## ASSIGNMENT:
Find "x1 \<noteq> x2 \<and>" and "(E x1 x2 \<or>" in the records below. Copy the lines holding them and every line between, exactly, and no others.

## PROVIDED DATA:
(* Let $\Gamma$ be a finite constraint language, $\mathbf{I}$ a CSP instance with incidence graph $G$, and $q,k\in\mathbb{N}$. If $G$ has no $(q,k+1)$-separation, then $\mathbf{I}$ is $(q,k)$-nice.
   Context: A CSP instance is a finite set of constraints $(S,R)$ ($S$ a sequence of variables, $R$ a relation over a finite domain $\mathcal{D}$); its incidence graph $G$ is the bipartite graph on variables and constraints with $x\sim C$ iff $x$ in the scope of $C$. A $(q,k)$-separation of $G$ is a partition $(A,S,B)$ of $V(G)$ with $S$ consisting of variable vertices, $N(A),N(B)\subseteq S$, $|S|\le k$, and $|A|,|B|\ge q$. For $\alpha:X\to\mathcal{D}$, $\mathbf{I}|_\alpha$ restricts each relation to tuples consistent with $\alpha$ and removes positions of variables in $X$; $X$ is a strong backdoor into $\mathrm{CSP}(\Gamma)$ if every $\mathbf{I}|_\alpha$ uses only relations from $\Gamma$. $\mathbf{Torso}_G(X)$ is the graph on $X$ with $x_1x_2$ an edge iff adjacent in $G$ or both adjacent to a common component of $G-X$; the width of $X$ is $\mathrm{tw}(\mathbf{Torso}_G(X))$. $\mathbf{I}$ is $(\beta,k)$-nice if $\mathrm{tw}(G)\le\beta+k$, or if whenever $\mathbf{I}$ has a strong backdoor into $\mathrm{CSP}(\Gamma)$ of width at most $k$, it has one, $X$, of width at most $k$ such that $G-X$ has exactly one connected component $C$ with at least $\beta+1$ vertices and $|V(G)\setminus N[C]|\le\beta$. *)

theory Defs
  imports Main
begin

definition conn_in :: "('a \<Rightarrow> 'a \<Rightarrow> bool) \<Rightarrow> 'a set \<Rightarrow> bool" where
  "conn_in E S \<longleftrightarrow> (\<forall>x\<in>S. \<forall>y\<in>S. (x, y) \<in> {(a, b). a \<in> S \<and> b \<in> S \<and> E a b}\<^sup>*)"

definition is_tree :: "nat set \<Rightarrow> nat set set \<Rightarrow> bool" where
  "is_tree N TE \<longleftrightarrow> finite N \<and> N \<noteq> {} \<and>
     TE \<subseteq> {{a, b} | a b. a \<in> N \<and> b \<in> N \<and> a \<noteq> b} \<and>
     conn_in (\<lambda>a b. {a, b} \<in> TE) N \<and> card TE + 1 = card N"

definition tree_decomp ::
  "'a set \<Rightarrow> ('a \<Rightarrow> 'a \<Rightarrow> bool) \<Rightarrow> nat set \<Rightarrow> nat set set \<Rightarrow> (nat \<Rightarrow> 'a set) \<Rightarrow> bool" where
  "tree_decomp V E N TE bag \<longleftrightarrow> is_tree N TE \<and>
     (\<forall>t\<in>N. bag t \<subseteq> V) \<and>
     (\<forall>v\<in>V. \<exists>t\<in>N. v \<in> bag t) \<and>
     (\<forall>u\<in>V. \<forall>v\<in>V. E u v \<longrightarrow> (\<exists>t\<in>N. u \<in> bag t \<and> v \<in> bag t)) \<and>
     (\<forall>v\<in>V. conn_in (\<lambda>a b. {a, b} \<in> TE) {t \<in> N. v \<in> bag t})"

definition treewidth :: "'a set \<Rightarrow> ('a \<Rightarrow> 'a \<Rightarrow> bool) \<Rightarrow> int" where
  "treewidth V E = int (LEAST m. \<exists>N TE bag. tree_decomp V E N TE bag \<and> (\<forall>t\<in>N. card (bag t) \<le> m)) - 1"

definition nbh :: "'a set \<Rightarrow> ('a \<Rightarrow> 'a \<Rightarrow> bool) \<Rightarrow> 'a set \<Rightarrow> 'a set" where
  "nbh V E A = {v \<in> V. v \<notin> A \<and> (\<exists>a\<in>A. E a v)}"

definition cnbh :: "'a set \<Rightarrow> ('a \<Rightarrow> 'a \<Rightarrow> bool) \<Rightarrow> 'a set \<Rightarrow> 'a set" where
  "cnbh V E A = A \<union> nbh V E A"

definition comps :: "'a set \<Rightarrow> ('a \<Rightarrow> 'a \<Rightarrow> bool) \<Rightarrow> 'a set \<Rightarrow> 'a set set" where
  "comps V E X = {C. C \<noteq> {} \<and> C \<subseteq> V - X \<and> conn_in E C \<and>
      (\<forall>D. C \<subseteq> D \<and> D \<subseteq> V - X \<and> conn_in E D \<longrightarrow> D = C)}"

definition torsoE :: "'a set \<Rightarrow> ('a \<Rightarrow> 'a \<Rightarrow> bool) \<Rightarrow> 'a set \<Rightarrow> 'a \<Rightarrow> 'a \<Rightarrow> bool" where
  "torsoE V E X x1 x2 \<longleftrightarrow> x1 \<in> X \<and> x2 \<in> X \<and> x1 \<noteq> x2 \<and>
     (E x1 x2 \<or> (\<exists>C\<in>comps V E X. (\<exists>a\<in>C. E x1 a) \<and> (\<exists>b\<in>C. E x2 b)))"

definition torso_width :: "'a set \<Rightarrow> ('a \<Rightarrow> 'a \<Rightarrow> bool) \<Rightarrow> 'a set \<Rightarrow> int" where
  "torso_width V E X = treewidth X (torsoE V E X)"

text \<open>A relation over the domain 'd: (arity, set of tuples).\<close>
type_synonym 'd relation = "nat \<times> 'd list set"
type_synonym ('v, 'd) constr = "'v list \<times> 'd relation"
type_synonym ('v, 'd) csp_inst = "('v, 'd) constr set"

definition wf_relation :: "'d relation \<Rightarrow> bool" where
  "wf_relation R \<longleftrightarrow> (\<forall>t\<in>snd R. length t = fst R)"

definition constraint_language :: "'d relation set \<Rightarrow> bool" where
  "constraint_language \<Gamma> \<longleftrightarrow> finite \<Gamma> \<and> (\<forall>R\<in>\<Gamma>. wf_relation R)"

definition csp_instance :: "('v, 'd) csp_inst \<Rightarrow> bool" where
  "csp_instance I \<longleftrightarrow> finite I \<and>
     (\<forall>(S, R)\<in>I. wf_relation R \<and> length S = fst R)"

definition vars :: "('v, 'd) csp_inst \<Rightarrow> 'v set" where
  "vars I = (\<Union>c\<in>I. set (fst c))"

text \<open>Incidence graph: variables Inl x, constraints Inr C.\<close>
definition igV :: "('v, 'd) csp_inst \<Rightarrow> ('v + ('v, 'd) constr) set" where
  "igV I = Inl ` vars I \<union> Inr ` I"

fun igE :: "('v, 'd) csp_inst \<Rightarrow> ('v + ('v, 'd) constr) \<Rightarrow> ('v + ('v, 'd) constr) \<Rightarrow> bool" where
  "igE I (Inl x) (Inr c) = (c \<in> I \<and> x \<in> set (fst c))"
| "igE I (Inr c) (Inl x) = (c \<in> I \<and> x \<in> set (fst c))"
| "igE I _ _ = False"

text \<open>Restriction of a constraint by an assignment alpha of the variables in X:
  keep tuples consistent with alpha, delete positions of variables in X.\<close>
definition restrict_constr :: "'v set \<Rightarrow> ('v \<Rightarrow> 'd) \<Rightarrow> ('v, 'd) constr \<Rightarrow> ('v, 'd) constr" where
  "restrict_constr X \<alpha> c = (let S = fst c; T = snd (snd c) in
     (filter (\<lambda>x. x \<notin> X) S,
      (length (filter (\<lambda>x. x \<notin> X) S),
       {map snd (filter (\<lambda>p. fst p \<notin> X) (zip S t)) | t.
          t \<in> T \<and> (\<forall>i<length S. S ! i \<in> X \<longrightarrow> t ! i = \<alpha> (S ! i))})))"

definition restrict_inst :: "'v set \<Rightarrow> ('v \<Rightarrow> 'd) \<Rightarrow> ('v, 'd) csp_inst \<Rightarrow> ('v, 'd) csp_inst" where
  "restrict_inst X \<alpha> I = restrict_constr X \<alpha> ` I"

text \<open>Strong backdoor into CSP(Gamma). Assignments alpha : X -> D are represented by
  total functions; only their values on X matter.\<close>
definition strong_backdoor :: "'d relation set \<Rightarrow> ('v, 'd) csp_inst \<Rightarrow> 'v set \<Rightarrow> bool" where
  "strong_backdoor \<Gamma> I X \<longleftrightarrow> X \<subseteq> vars I \<and>
     (\<forall>\<alpha>. \<forall>c\<in>restrict_inst X \<alpha> I. snd c \<in> \<Gamma>)"

definition bd_width :: "('v, 'd) csp_inst \<Rightarrow> 'v set \<Rightarrow> int" where
  "bd_width I X = torso_width (igV I) (igE I) (Inl ` X)"

definition separation :: "('v, 'd) csp_inst \<Rightarrow> nat \<Rightarrow> nat \<Rightarrow>
    ('v + ('v, 'd) constr) set \<Rightarrow> ('v + ('v, 'd) constr) set \<Rightarrow> ('v + ('v, 'd) constr) set \<Rightarrow> bool" where
  "separation I q k A S B \<longleftrightarrow>
     A \<union> S \<union> B = igV I \<and> A \<inter> S = {} \<and> A \<inter> B = {} \<and> S \<inter> B = {} \<and>
     S \<subseteq> Inl ` vars I \<and>
     nbh (igV I) (igE I) A \<subseteq> S \<and> nbh (igV I) (igE I) B \<subseteq> S \<and>
     card S \<le> k \<and> card A \<ge> q \<and> card B \<ge> q"

definition has_separation :: "('v, 'd) csp_inst \<Rightarrow> nat \<Rightarrow> nat \<Rightarrow> bool" where
  "has_separation I q k \<longleftrightarrow> (\<exists>A S B. separation I q k A S B)"

definition nice :: "'d relation set \<Rightarrow> ('v, 'd) csp_inst \<Rightarrow> nat \<Rightarrow> nat \<Rightarrow> bool" where
  "nice \<Gamma> I \<beta> k \<longleftrightarrow>
     treewidth (igV I) (igE I) \<le> int \<beta> + int k \<or>
     ((\<exists>X. strong_backdoor \<Gamma> I X \<and> bd_width I X \<le> int k) \<longrightarrow>
      (\<exists>X. strong_backdoor \<Gamma> I X \<and> bd_width I X \<le> int k \<and>
         (\<exists>C \<in> comps (igV I) (igE I) (Inl ` X).
            card C \<ge> \<beta> + 1 \<and>
            (\<forall>C' \<in> comps (igV I) (igE I) (Inl ` X). card C' \<ge> \<beta> + 1 \<longrightarrow> C' = C) \<and>
            card (igV I - cnbh (igV I) (igE I) C) \<le> \<beta>)))"

end

theory Submission
  imports Defs
begin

## REPLY TO THE TASK:
  "torsoE V E X x1 x2 \<longleftrightarrow> x1 \<in> X \<and> x2 \<in> X \<and> x1 \<noteq> x2 \<and>
     (E x1 x2 \<or> (\<exists>C\<in>comps V E X. (\<exists>a\<in>C. E x1 a) \<and> (\<exists>b\<in>C. E x2 b)))"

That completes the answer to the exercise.